E1010: Providers can't afford it

Tuesday, November 23, 2010

WASHINGTON - Thanks to some tricky moves on CMS's part, center elevated leg rests are nearly impossible for providers to put on power wheelchairs.

It all starts with a change to the code for power elevated leg rests, E1010. CMS changed the definition for the code from "each" to "pair," but it didn't change the reimbursement. So providers started getting paid half of what they used to for two leg rests.

Then CMS lumped center elevated leg rests into E1010. Because there's not two but one leg rest, providers started getting paid half of the already halved reimbursement.

"When (Medicare) pays about $600 for something that costs about $2,800, that's, effectively, a denial," said Darren Jernigan, director of government affairs for Permobil. "It's so low, providers can't afford it."
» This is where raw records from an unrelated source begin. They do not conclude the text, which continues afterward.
definition Phi1 :: "(nat \<Rightarrow> real) \<Rightarrow> real \<Rightarrow> (real \<Rightarrow> real) \<Rightarrow> (real \<Rightarrow> real)
     \<Rightarrow> (nat \<Rightarrow> real \<Rightarrow> real) \<Rightarrow> nat \<Rightarrow> real \<Rightarrow> real" where
  "Phi1 lam a p q \<phi> n x =
     (if even n then (1 / sqrt 2) * even_ext (\<phi> (n div 2)) x
      else - (1 / sqrt 2) * (lam ((n + 1) div 2) - a) powr (-1/2)
             * delta (even_ext p) (odd_ext q) (even_ext (\<phi> ((n + 1) div 2))) x)"

definition Phi :: "('d::finite \<Rightarrow> nat \<Rightarrow> real) \<Rightarrow> ('d \<Rightarrow> real) \<Rightarrow> ('d \<Rightarrow> real \<Rightarrow> real)
     \<Rightarrow> ('d \<Rightarrow> real \<Rightarrow> real) \<Rightarrow> ('d \<Rightarrow> nat \<Rightarrow> real \<Rightarrow> real) \<Rightarrow> ('d \<Rightarrow> int)
     \<Rightarrow> ('d \<Rightarrow> real) \<Rightarrow> real" where
  "Phi lam a p q \<phi> n x =
     (if \<forall>i. 0 \<le> n i
      then (\<Prod>i\<in>UNIV. Phi1 (lam i) (a i) (p i) (q i) (\<phi> i) (nat (n i)) (x i))
      else 0)"

definition sigma :: "'d \<Rightarrow> ('d \<Rightarrow> real) \<Rightarrow> 'd \<Rightarrow> real" where
  "sigma j x = x(j := - x j)"

definition partial :: "'d \<Rightarrow> (('d \<Rightarrow> real) \<Rightarrow> real) \<Rightarrow> ('d \<Rightarrow> real) \<Rightarrow> real" where
  "partial j f x = deriv (\<lambda>t. f (x(j := t))) (x j)"

definition Dop :: "'d \<Rightarrow> ('d \<Rightarrow> real \<Rightarrow> real) \<Rightarrow> ('d \<Rightarrow> real \<Rightarrow> real) \<Rightarrow> ('d \<Rightarrow> real \<Rightarrow> real)
     \<Rightarrow> (('d \<Rightarrow> real) \<Rightarrow> real) \<Rightarrow> ('d \<Rightarrow> real) \<Rightarrow> real" where
  "Dop j w p q f x =
     (let pe = even_ext (p j); we = even_ext (w j); qo = odd_ext (q j); t = x j in
      pe t * partial j f x + qo t * (f x + f (sigma j x)) / 2
      + (pe t * (deriv we t / we t) + deriv pe t - qo t) * (f x - f (sigma j x)) / 2)"

end

theory Submission
  imports Defs
begin

(* On X_SYM the one-variable operator maps the even extension of phi_k to the odd extension
   of delta phi_k, and that in turn to -(lam_k - a) times the even extension of phi_k; the
   second identity is the eigenvalue equation L phi_k = lam_k phi_k. Through the normalisations
   of Phi1, D_j therefore multiplies Phi_n by +-sqrt(lam_k - a_j) and moves n_j between 2k and
   2k - 1, touching only the j-th tensor factor; iterating gives the formula. For n_j = 0 both
   sides vanish: a_j = lam_0 makes ||delta phi_0||^2 = <delta* delta phi_0, phi_0> = 0, so the
   continuous function delta phi_0 is zero. *)

lemma open_Xset: "open (Xset c)"
  unfolding Xset_def by (intro open_Collect_conj open_Collect_less continuous_intros)

lemma open_Xsym: "open (Xsym c)"
  unfolding Xsym_def by (intro open_Collect_conj open_Collect_neq open_Collect_less continuous_intros)

lemma Xsym_imp_abs_in_Xset: "t \<in> Xsym c \<Longrightarrow> \<bar>t\<bar> \<in> Xset c"
  by (auto simp: Xsym_def Xset_def)

lemma Xsym_uminus: "t \<in> Xsym c \<Longrightarrow> -t \<in> Xsym c"
  by (auto simp: Xsym_def)

lemma Xsym_nonzero: "t \<in> Xsym c \<Longrightarrow> t \<noteq> 0"
  by (auto simp: Xsym_def)

lemma Ck_on_field_differentiable:
  "Ck_on k S f \<Longrightarrow> m < k \<Longrightarrow> x \<in> S \<Longrightarrow> (deriv ^^ m) f field_differentiable at x"
  by (simp add: Ck_on_def)

lemma even_ext_has_field_derivative:
  assumes t: "t \<noteq> 0" and f: "(f has_field_derivative D) (at \<bar>t\<bar>)"
  shows "(even_ext f has_field_derivative sgn t * D) (at t)"
proof -
  have "sgn t * t = \<bar>t\<bar>" by (simp add: sgn_mult_abs abs_sgn)
  with f have "((\<lambda>s. f (sgn t * s)) has_field_derivative D * sgn t) (at t)"
    using DERIV_chain[of f D "\<lambda>s. sgn t * s" t "sgn t"] by (auto simp: o_def intro: derivative_eq_intros)
  then have "((\<lambda>s. f (sgn t * s)) has_field_derivative sgn t * D) (at t)"
    by (simp add: mult.commute)
  then show ?thesis
  proof (rule has_field_derivative_transform_within_open[where S="{s. 0 < sgn t * s}"])
    show "open {s. 0 < sgn t * s}" by (intro open_Collect_less continuous_intros)
    show "t \<in> {s. 0 < sgn t * s}" using t by (simp add: sgn_real_def)
    show "\<And>s. s \<in> {s. 0 < sgn t * s} \<Longrightarrow> f (sgn t * s) = even_ext f s"
      by (auto simp: even_ext_def sgn_real_def split: if_splits)
  qed
qed

lemma odd_ext_has_field_derivative:
  assumes t: "t \<noteq> 0" and f: "(f has_field_derivative D) (at \<bar>t\<bar>)"
  shows "(odd_ext f has_field_derivative D) (at t)"
proof -
  have "((\<lambda>s. sgn t * even_ext f s) has_field_derivative sgn t * (sgn t * D)) (at t)"
    by (intro DERIV_cmult even_ext_has_field_derivative t f)
  moreover have "sgn t * (sgn t * D) = D"
    using t by (simp add: sgn_real_def)
  ultimately have "((\<lambda>s. sgn t * even_ext f s) has_field_derivative D) (at t)"
    by metis
  then show ?thesis
  proof (rule has_field_derivative_transform_within_open[where S="{s. 0 < sgn t * s}"])
    show "open {s. 0 < sgn t * s}" by (intro open_Collect_less continuous_intros)
    show "t \<in> {s. 0 < sgn t * s}" using t by (simp add: sgn_real_def)
    show "\<And>s. s \<in> {s. 0 < sgn t * s} \<Longrightarrow> sgn t * even_ext f s = odd_ext f s"
      by (auto simp: even_ext_def odd_ext_def sgn_real_def split: if_splits)
  qed
qed

lemma deriv_even_ext:
  "t \<noteq> 0 \<Longrightarrow> f field_differentiable at \<bar>t\<bar> \<Longrightarrow> deriv (even_ext f) t = sgn t * deriv f \<bar>t\<bar>"
  by (intro DERIV_imp_deriv even_ext_has_field_derivative) (auto simp: DERIV_deriv_iff_field_differentiable)

lemma even_ext_field_differentiable:
  "t \<noteq> 0 \<Longrightarrow> f field_differentiable at \<bar>t\<bar> \<Longrightarrow> even_ext f field_differentiable at t"
  using even_ext_has_field_derivative field_differentiable_def
    DERIV_deriv_iff_field_differentiable by metis

lemma meas_density_measurable:
  assumes "continuous_on (Xset c) w"
  shows "(\<lambda>x. ennreal (indicator (Xset c) x * w x)) \<in> borel_measurable lborel"
proof -
  have "(\<lambda>x. indicator (Xset c) x *\<^sub>R w x) \<in> borel_measurable borel"
    by (rule borel_measurable_continuous_on_indicator[OF _ assms]) (simp add: open_Xset borel_open)
  then show ?thesis by (simp add: measurable_compose[OF _ measurable_ennreal])
qed

lemma AE_meas_iff:
  assumes "continuous_on (Xset c) w" and "\<And>x. x \<in> Xset c \<Longrightarrow> w x > 0"
  shows "(AE x in meas c w. P x) \<longleftrightarrow> (AE x in lborel. x \<in> Xset c \<longrightarrow> P x)"
  unfolding meas_def AE_density[OF meas_density_measurable[OF assms(1)]]
  using assms(2) by (intro AE_cong) (auto simp: indicator_def)

lemma continuous_on_AE_lborel_eq_0:
  fixes g :: "real \<Rightarrow> real"
  assumes S: "open S" and g: "continuous_on S g" and ae: "AE x in lborel. x \<in> S \<longrightarrow> g x = 0"
    and u: "u \<in> S"
  shows "g u = 0"
proof (rule ccontr)
  assume "g u \<noteq> 0"
  moreover have "open (S \<inter> g -` (- {0}))"
    by (rule continuous_open_preimage[OF g S]) auto
  ultimately obtain e where e: "e > 0" "ball u e \<subseteq> S \<inter> g -` (- {0})"
    using u open_contains_ball by (metis IntI vimage_eq ComplI singletonD)
  from ae have "AE x in lborel. x \<notin> ball u e"
    by eventually_elim (use e in auto)
  then have "emeasure lborel (ball u e) = 0"
    by (subst (asm) AE_iff_measurable[of "ball u e"]) auto
  with e show False by (simp add: ball_eq_greaterThanLessThan)
qed

lemma ip_eq_0_if_vanishing_on_Xset:
  assumes "continuous_on (Xset c) w" and "\<And>x. x \<in> Xset c \<Longrightarrow> w x > 0"
    and "\<And>x. x \<in> Xset c \<Longrightarrow> h x = 0"
  shows "ip (meas c w) h f = 0"
  unfolding ip_def using assms by (intro integral_eq_zero_AE) (simp add: AE_meas_iff)

lemma L2_ip_self_eq_0_imp_eq_0:
  assumes w: "continuous_on (Xset c) w" "\<And>x. x \<in> Xset c \<Longrightarrow> w x > 0"
    and g: "continuous_on (Xset c) g" "L2 (meas c w) g" and "ip (meas c w) g g = 0"
    and u: "u \<in> Xset c"
  shows "g u = 0"
proof -
  have "integral\<^sup>L (meas c w) (\<lambda>x. (g x)\<^sup>2) = 0"
    using assms(5) by (simp add: ip_def power2_eq_square)
  then have "AE x in meas c w. (g x)\<^sup>2 = 0"
    using g(2) by (simp add: L2_def integral_nonneg_eq_0_iff_AE)
  then have "AE x in lborel. x \<in> Xset c \<longrightarrow> g x = 0"
    by (simp add: AE_meas_iff[OF w])
  then show ?thesis
    by (rule continuous_on_AE_lborel_eq_0[OF open_Xset g(1) _ u])
qed

lemma delta_ground_state_eq_0:
  assumes w: "continuous_on (Xset c) w" "\<And>x. x \<in> Xset c \<Longrightarrow> w x > 0"
    and cont: "continuous_on (Xset c) (delta p q \<phi>)" and L2: "L2 (meas c w) (delta p q \<phi>)"
    and adj: "ip (meas c w) (delta p q \<phi>) (delta p q \<phi>)
            = ip (meas c w) (delta_star w p q (delta p q \<phi>)) \<phi>"
    and ground: "\<And>x. x \<in> Xset c \<Longrightarrow> Lop a w p q \<phi> x = a * \<phi> x"
    and u: "u \<in> Xset c"
  shows "delta p q \<phi> u = 0"
proof (rule L2_ip_self_eq_0_imp_eq_0[OF w cont L2 _ u])
  have "\<And>x. x \<in> Xset c \<Longrightarrow> delta_star w p q (delta p q \<phi>) x = 0"
    using ground by (simp add: Lop_def)
  from ip_eq_0_if_vanishing_on_Xset[OF w this]
  show "ip (meas c w) (delta p q \<phi>) (delta p q \<phi>) = 0"
    by (simp add: adj)
qed

definition dunkl1 ::
    "(real \<Rightarrow> real) \<Rightarrow> (real \<Rightarrow> real) \<Rightarrow> (real \<Rightarrow> real) \<Rightarrow> (real \<Rightarrow> real) \<Rightarrow> real \<Rightarrow> real"
  where
  "dunkl1 w p q g t = (let pe = even_ext p; we = even_ext w; qo = odd_ext q in
      pe t * deriv g t + qo t * (g t + g (-t)) / 2
      + (pe t * (deriv we t / we t) + deriv pe t - qo t) * (g t - g (-t)) / 2)"

lemma dunkl1_cmult:
  "g field_differentiable at t \<Longrightarrow> dunkl1 w p q (\<lambda>x. K * g x) t = K * dunkl1 w p q g t"
  by (simp add: dunkl1_def Let_def deriv_cmult algebra_simps add_divide_distrib diff_divide_distrib)

definition partner :: "nat \<Rightarrow> nat" where
  "partner m = (if even m then m - 1 else m + 1)"

lemma partner_partner [simp]: "partner (partner m) = m"
  by (auto simp: partner_def elim: evenE)

lemma partner_div2 [simp]: "Suc (partner m) div 2 = Suc m div 2"
  by (auto simp: partner_def elim: evenE)

(* 1 \<le> N is needed since 0 powr 0 = 0. *)
lemma powr_half_nat: "0 \<le> (x::real) \<Longrightarrow> 1 \<le> N \<Longrightarrow> x powr (real N / 2) = sqrt x ^ N"
  by (cases "x = 0") (simp_all add: powr_half_sqrt_powr powr_realpow real_sqrt_power)

lemma powr_minus_half: "(x::real) > 0 \<Longrightarrow> x powr - (1/2) = 1 / sqrt x"
  using powr_minus_divide[of x "1/2"] by (simp add: powr_half_sqrt)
Industry stakeholders are meeting with the medical directors at the DME MACs to try and rectify the situation.

Part of the industry's argument: Even though a center elevated leg rest is one leg rest doesn't necessarily mean it should get reduced reimbursement, stakeholders say.

"The bottom line is that it's lifting both legs not just one leg," said Elizabeth Cole, director of clinical rehab services for U.S. Rehab. "The actuator has to be more robust; it has to be more durable. Some of them actually have two actuators."

It's a shame, stakeholders say, because patients can benefit from center elevated leg rests. The leg rests make it easier, for example, for wheelchair users to get close to tables and desks.

"There are differences in the technology and different clinical indicators for each," said Laura Cohen, co-coordinator of The Clinician Task Force.